To garner an objective perspective of our Congress’s current policies and practices, I need a time warp machine that propels me into the future, one hundred years from now.
How would our Congress hold up?
It is the “non-war” wars I would notice first, and how we resolutely refused to learn from them: Korea, Vietnam, Persian Gulf, and now, Afghanistan and Iraq. The trust our military men and women put into Congress was blatantly betrayed for its own political gains. Our freedom of speech and right to protest without repercussions were put at risk in the process.
Then I spotted our children failing to read or use correct grammar. Education is one of the areas where funds were routinely cut, and classroom sizes increased. The people we had elected were officially against prioritizing and funding what is absolutely necessary for enhancing and growing the intellectual spirits of our young people. (Personally, I think Congress doesn’t want to teach or children to think critically, because it would make their political and PAC ads more obviously slanted.) And, rather than being nurtured, their creative and athletic spirits were completely rejected in favor of funding non-wars.
I heard the church bells ring and saw how our churches went wild. The extreme “right” movement not only wanted religion dictated into our laws, it wanted only their religion. The freedom to express individual religious views, separate from state, was nearly governmentalized right out of existence.

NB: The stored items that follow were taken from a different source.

(* Let $H$ be a Hilbert space and let $A$ be a densely defined closed linear operator in $H$ (not necessarily selfadjoint). Let $Q:=AA^*$, $B:=(I+Q)^{-1}$ (a selfadjoint operator with $0\le B\le I$), and let $F$ denote the closure of the operator $(I+Q)^{-1}A$, originally defined on $D(A)$; $F$ is a bounded linear operator defined on all of $H$ with $\|F\|\le \frac12$. Let $N^*:=\{u: A^*u=0\}$. Let $f\in D(A)$, and for $\delta>0$ let $f_\delta\in H$ satisfy $\|f_\delta-f\|\le\delta$. Let $y$ be the unique minimal-norm solution of $By=Ff$. Define the iterates $$v_{n+1}=(I-B)v_n+Ff_\delta,\qquad n=0,1,2,\dots,$$ with an initial element $v_0\perp N^*$. If $n=n(\delta)$ is an integer with $\lim_{\delta\to0}n(\delta)=\infty$ and $\lim_{\delta\to0}[\delta\, n(\delta)]=0$, then, with $v_\delta:=v_{n(\delta)}$, $$\lim_{\delta\to0}\|v_\delta-y\|=0.$$
   Context: $I$ denotes the identity operator on $H$; inequalities $0\le B\le I$ are in the sense of quadratic forms. The relation $v=Af$ is equivalent to $Bv=Ff$, so the theorem gives a stable method of computing the value $Af$ of the unbounded operator $A$ from noisy data $f_\delta$ (which need not lie in $D(A)$). *)

theory Defs
  imports "HOL-Analysis.Analysis"
begin

text \<open>A (possibly unbounded) linear operator in a real Hilbert space is given by
  a domain D and a map A, only its values on D being relevant.\<close>

definition lin_op :: "'a::real_inner set \<Rightarrow> ('a \<Rightarrow> 'a) \<Rightarrow> bool" where
  "lin_op D A \<longleftrightarrow> subspace D \<and>
     (\<forall>x\<in>D. \<forall>y\<in>D. A (x + y) = A x + A y) \<and>
     (\<forall>c. \<forall>x\<in>D. A (c *\<^sub>R x) = c *\<^sub>R A x)"

definition densely_defined :: "'a::real_inner set \<Rightarrow> bool" where
  "densely_defined D \<longleftrightarrow> closure D = UNIV"

definition closed_op :: "'a::real_inner set \<Rightarrow> ('a \<Rightarrow> 'a) \<Rightarrow> bool" where
  "closed_op D A \<longleftrightarrow> closed ((\<lambda>x. (x, A x)) ` D)"

definition adj_dom :: "'a::real_inner set \<Rightarrow> ('a \<Rightarrow> 'a) \<Rightarrow> 'a set" where
  "adj_dom D A = {u. \<exists>w. \<forall>x\<in>D. inner (A x) u = inner x w}"

definition adj_op :: "'a::real_inner set \<Rightarrow> ('a \<Rightarrow> 'a) \<Rightarrow> 'a \<Rightarrow> 'a" where
  "adj_op D A u = (THE w. \<forall>x\<in>D. inner (A x) u = inner x w)"

definition Q_dom :: "'a::real_inner set \<Rightarrow> ('a \<Rightarrow> 'a) \<Rightarrow> 'a set" where
  "Q_dom D A = {u \<in> adj_dom D A. adj_op D A u \<in> D}"

definition Q_op :: "'a::real_inner set \<Rightarrow> ('a \<Rightarrow> 'a) \<Rightarrow> 'a \<Rightarrow> 'a" where
  "Q_op D A u = A (adj_op D A u)"

definition B_op :: "'a::real_inner set \<Rightarrow> ('a \<Rightarrow> 'a) \<Rightarrow> 'a \<Rightarrow> 'a" where
  "B_op D A v = (THE u. u \<in> Q_dom D A \<and> u + Q_op D A u = v)"

text \<open>F = closure of (I+Q)^{-1} A defined on D(A): the bounded linear operator on H
  agreeing with B \<circ> A on D(A).\<close>
definition F_op :: "'a::real_inner set \<Rightarrow> ('a \<Rightarrow> 'a) \<Rightarrow> 'a \<Rightarrow> 'a" where
  "F_op D A = (THE F. bounded_linear F \<and> (\<forall>x\<in>D. F x = B_op D A (A x)))"

definition adj_null :: "'a::real_inner set \<Rightarrow> ('a \<Rightarrow> 'a) \<Rightarrow> 'a set" where
  "adj_null D A = {u \<in> adj_dom D A. adj_op D A u = 0}"

end

theory Submission
  imports Defs
begin

(* Because the graph of A is closed, projecting (0, v) onto it solves u + Q u = v, so
   B = (I + Q)^-1 with Q = A A^* is defined on all of H; it is symmetric and injective, and T = I - B
   satisfies 0 <= T and T^2 <= T.  For such T the numbers <T^k w, w> decrease, which makes
   (T^k w) a Cauchy sequence whose limit is a fixed point of T, i.e. a zero of B; hence
   T^k w -> 0 for every w.  The iteration reads v_(k+1) = T v_k + F f_delta and y = T y + F f,
   so ||T|| <= 1 gives ||v_k - y|| <= ||T^k (v_0 - y)|| + k ||F|| delta, and both terms tend to 0
   when n(delta) -> infinity and delta n(delta) -> 0. *)

lemma parallelogram_midpoint:
  fixes p x y :: "'a::real_inner"
  shows "(norm (x - y))\<^sup>2 = 2 * (norm (p - x))\<^sup>2 + 2 * (norm (p - y))\<^sup>2
    - 4 * (norm (p - (1/2) *\<^sub>R (x + y)))\<^sup>2"
  unfolding power2_norm_eq_inner
  by (simp add: inner_diff_left inner_diff_right inner_add_left inner_add_right inner_commute
      algebra_simps)

lemma closed_convex_nearest_point:
  fixes S :: "'a::{real_inner,complete_space} set"
  assumes "convex S" "closed S" "S \<noteq> {}"
  obtains s where "s \<in> S" "\<And>x. x \<in> S \<Longrightarrow> norm (p - s) \<le> norm (p - x)"
proof -
  let ?d = "\<lambda>x. (norm (p - x))\<^sup>2"
  define e where "e = Inf (?d ` S)"
  have bdd: "bdd_below (?d ` S)"
    by (rule bdd_belowI[of _ 0]) auto
  have e_le: "e \<le> ?d x" if "x \<in> S" for x
    unfolding e_def using bdd that by (simp add: cInf_lower)
  have "\<exists>x\<in>S. ?d x < e + inverse (real (Suc k))" for k
    using \<open>S \<noteq> {}\<close> cInf_less_iff[OF _ bdd, of "e + inverse (real (Suc k))"]
    by (auto simp: e_def)
  then obtain xs where xs_in: "\<And>k. xs k \<in> S"
    and xs_near: "\<And>k. ?d (xs k) < e + inverse (real (Suc k))"
    by metis
  have xs_close: "(norm (xs m - xs k))\<^sup>2 \<le> 2 * inverse (real (Suc m)) + 2 * inverse (real (Suc k))"
    for m k
  proof -
    have "(1/2) *\<^sub>R (xs m + xs k) \<in> S"
      using convexD[OF \<open>convex S\<close> xs_in[of m] xs_in[of k], of "1/2" "1/2"]
      by (simp add: scaleR_add_right)
    then show ?thesis
      using e_le parallelogram_midpoint[of "xs m" "xs k" p] xs_near[of m] xs_near[of k] by fastforce
  qed
  have "Cauchy xs"
  proof (rule CauchyI)
    fix \<epsilon> :: real assume "\<epsilon> > 0"
    then obtain M where M: "inverse (real (Suc M)) < \<epsilon>\<^sup>2 / 4"
      using reals_Archimedean[of "\<epsilon>\<^sup>2 / 4"] by auto
    have "norm (xs m - xs k) < \<epsilon>" if "M \<le> m" "M \<le> k" for m k
    proof -
      have "inverse (real (Suc m)) \<le> inverse (real (Suc M))"
        "inverse (real (Suc k)) \<le> inverse (real (Suc M))"
        using that by (auto intro!: le_imp_inverse_le)
      then have "(norm (xs m - xs k))\<^sup>2 < \<epsilon>\<^sup>2" using xs_close[of m k] M by linarith
      then show ?thesis using \<open>\<epsilon> > 0\<close> by (simp add: power_less_imp_less_base)
    qed
    then show "\<exists>M. \<forall>m\<ge>M. \<forall>k\<ge>M. norm (xs m - xs k) < \<epsilon>" by blast
  qed
  then obtain s where s: "xs \<longlonglongrightarrow> s" using Cauchy_convergent_iff convergent_def by blast
  have "s \<in> S" using \<open>closed S\<close> s xs_in closed_sequentially by blast
  have "(\<lambda>k. ?d (xs k)) \<longlonglongrightarrow> ?d s"
    by (intro tendsto_intros s)
  moreover have "(\<lambda>k. e + inverse (real (Suc k))) \<longlonglongrightarrow> e"
    using tendsto_add[OF tendsto_const LIMSEQ_inverse_real_of_nat] by simp
  ultimately have "?d s \<le> e"
    using xs_near by (intro LIMSEQ_le) (auto intro: less_imp_le)
  have "norm (p - s) \<le> norm (p - x)" if "x \<in> S" for x
    by (rule power2_le_imp_le[OF order_trans[OF \<open>?d s \<le> e\<close> e_le[OF that]] norm_ge_zero])
  with \<open>s \<in> S\<close> show ?thesis by (rule that)
qed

Rather than being cultivated and respected, the artistic spirit was belittled and abandoned by society. Art and music were taken out of our classrooms, and “culture” became associated with silliness.
Congress allowed the continuing destruction of our environment, the slaughter of the American Dream of owning a home, and the loss of our nation’s reputation and subsequent negotiating power.
What would I conclude?
I would conclude that our country was still young, feeling its wings, and that these transgressions of Congress were all part of its growing up.
That makes Congress a teenager now.
The worst kind of teenager.
The worst kind of teenager uses drugs and sex for validation (officials preying on young and vulnerable pages, soliciting sex partners from madams or public bathrooms, taking away women’s health rights towards their bodies, but fully supporting their bodies wrapped around a pole and dancing for entertainment. These teenagers impulsively follow the pack (whatever their party says, goes) to make an impression on their peers (their contributors, the president and vice president), not the courageous thinkers (the constituents who voted them in). They’re mouthy to their elders (other countries) because they know it all and the elders are only stupid anyway.
These self-absorbed teenagers are predictable in their behavior. They give people (France, Germany, Turkey, Russia) the cold shoulder when they don’t give into their demands (go into a preemptive war with us or else), to teach them a lesson. “I’ll show them they can’t mess with me!” they smugly think. They look to follow whatever is trendy (whatever buzz words the current lobbyists are using) and watch their peers closely (Homeland Security) to demean and reprimand them if they are “different” (denying civil union rights to homosexuals, continued lower pay for women, continued racist behavior in Jena and elsewhere). They don’t care about others’ misfortune (disaster victims; third world starvation, aids, genocide) because no one else is in that 4’x4’ space they directly inhabit. They are too egocentric to see any needs other than their own (veterans’ care kept horrifying substandard).
Our Congress’s conscience has completely disappeared. Congress has steadfastly refused to mirror a sense of humanity, a sense of being a good family and a good neighbor.
At what point during Congress’s collective set of choices, did it stop being kind and foster good will? When did Congress decide spirituality, doing the right thing for the right reasons, no longer mattered?
When did we Americans start electing self-serving teenagers to represent us in Congress and in the presidential administration? For truly, I have come to believe that whoever is President is becoming more and more insignificant… those rogues behind an elected desk in Congress are the ones running our country and ruining our middles class, our stability, and our futures.
It is time we rein in those teenagers, before it is too late. It is time we as a nation grew up and insisted that only integrity-based people represent us to the rest of the world.
Let us begin to care openly about others, allowing diversity as enriching, not threatening. Let us continue to support the individuality, achievements, spirits, and bodies of our females. Let us put money where our values should be, health care, job security, education, and civil freedoms.
Instead of ignoring us, let us remind Congress who really has the power: its constituents.
Let us re-elect only that small handful of elected officials who protected our rights, our military and our veterans. Let us newly elect only those people who will add maturity, grace and common sense to our governments.
Instead of writing history, let us right history.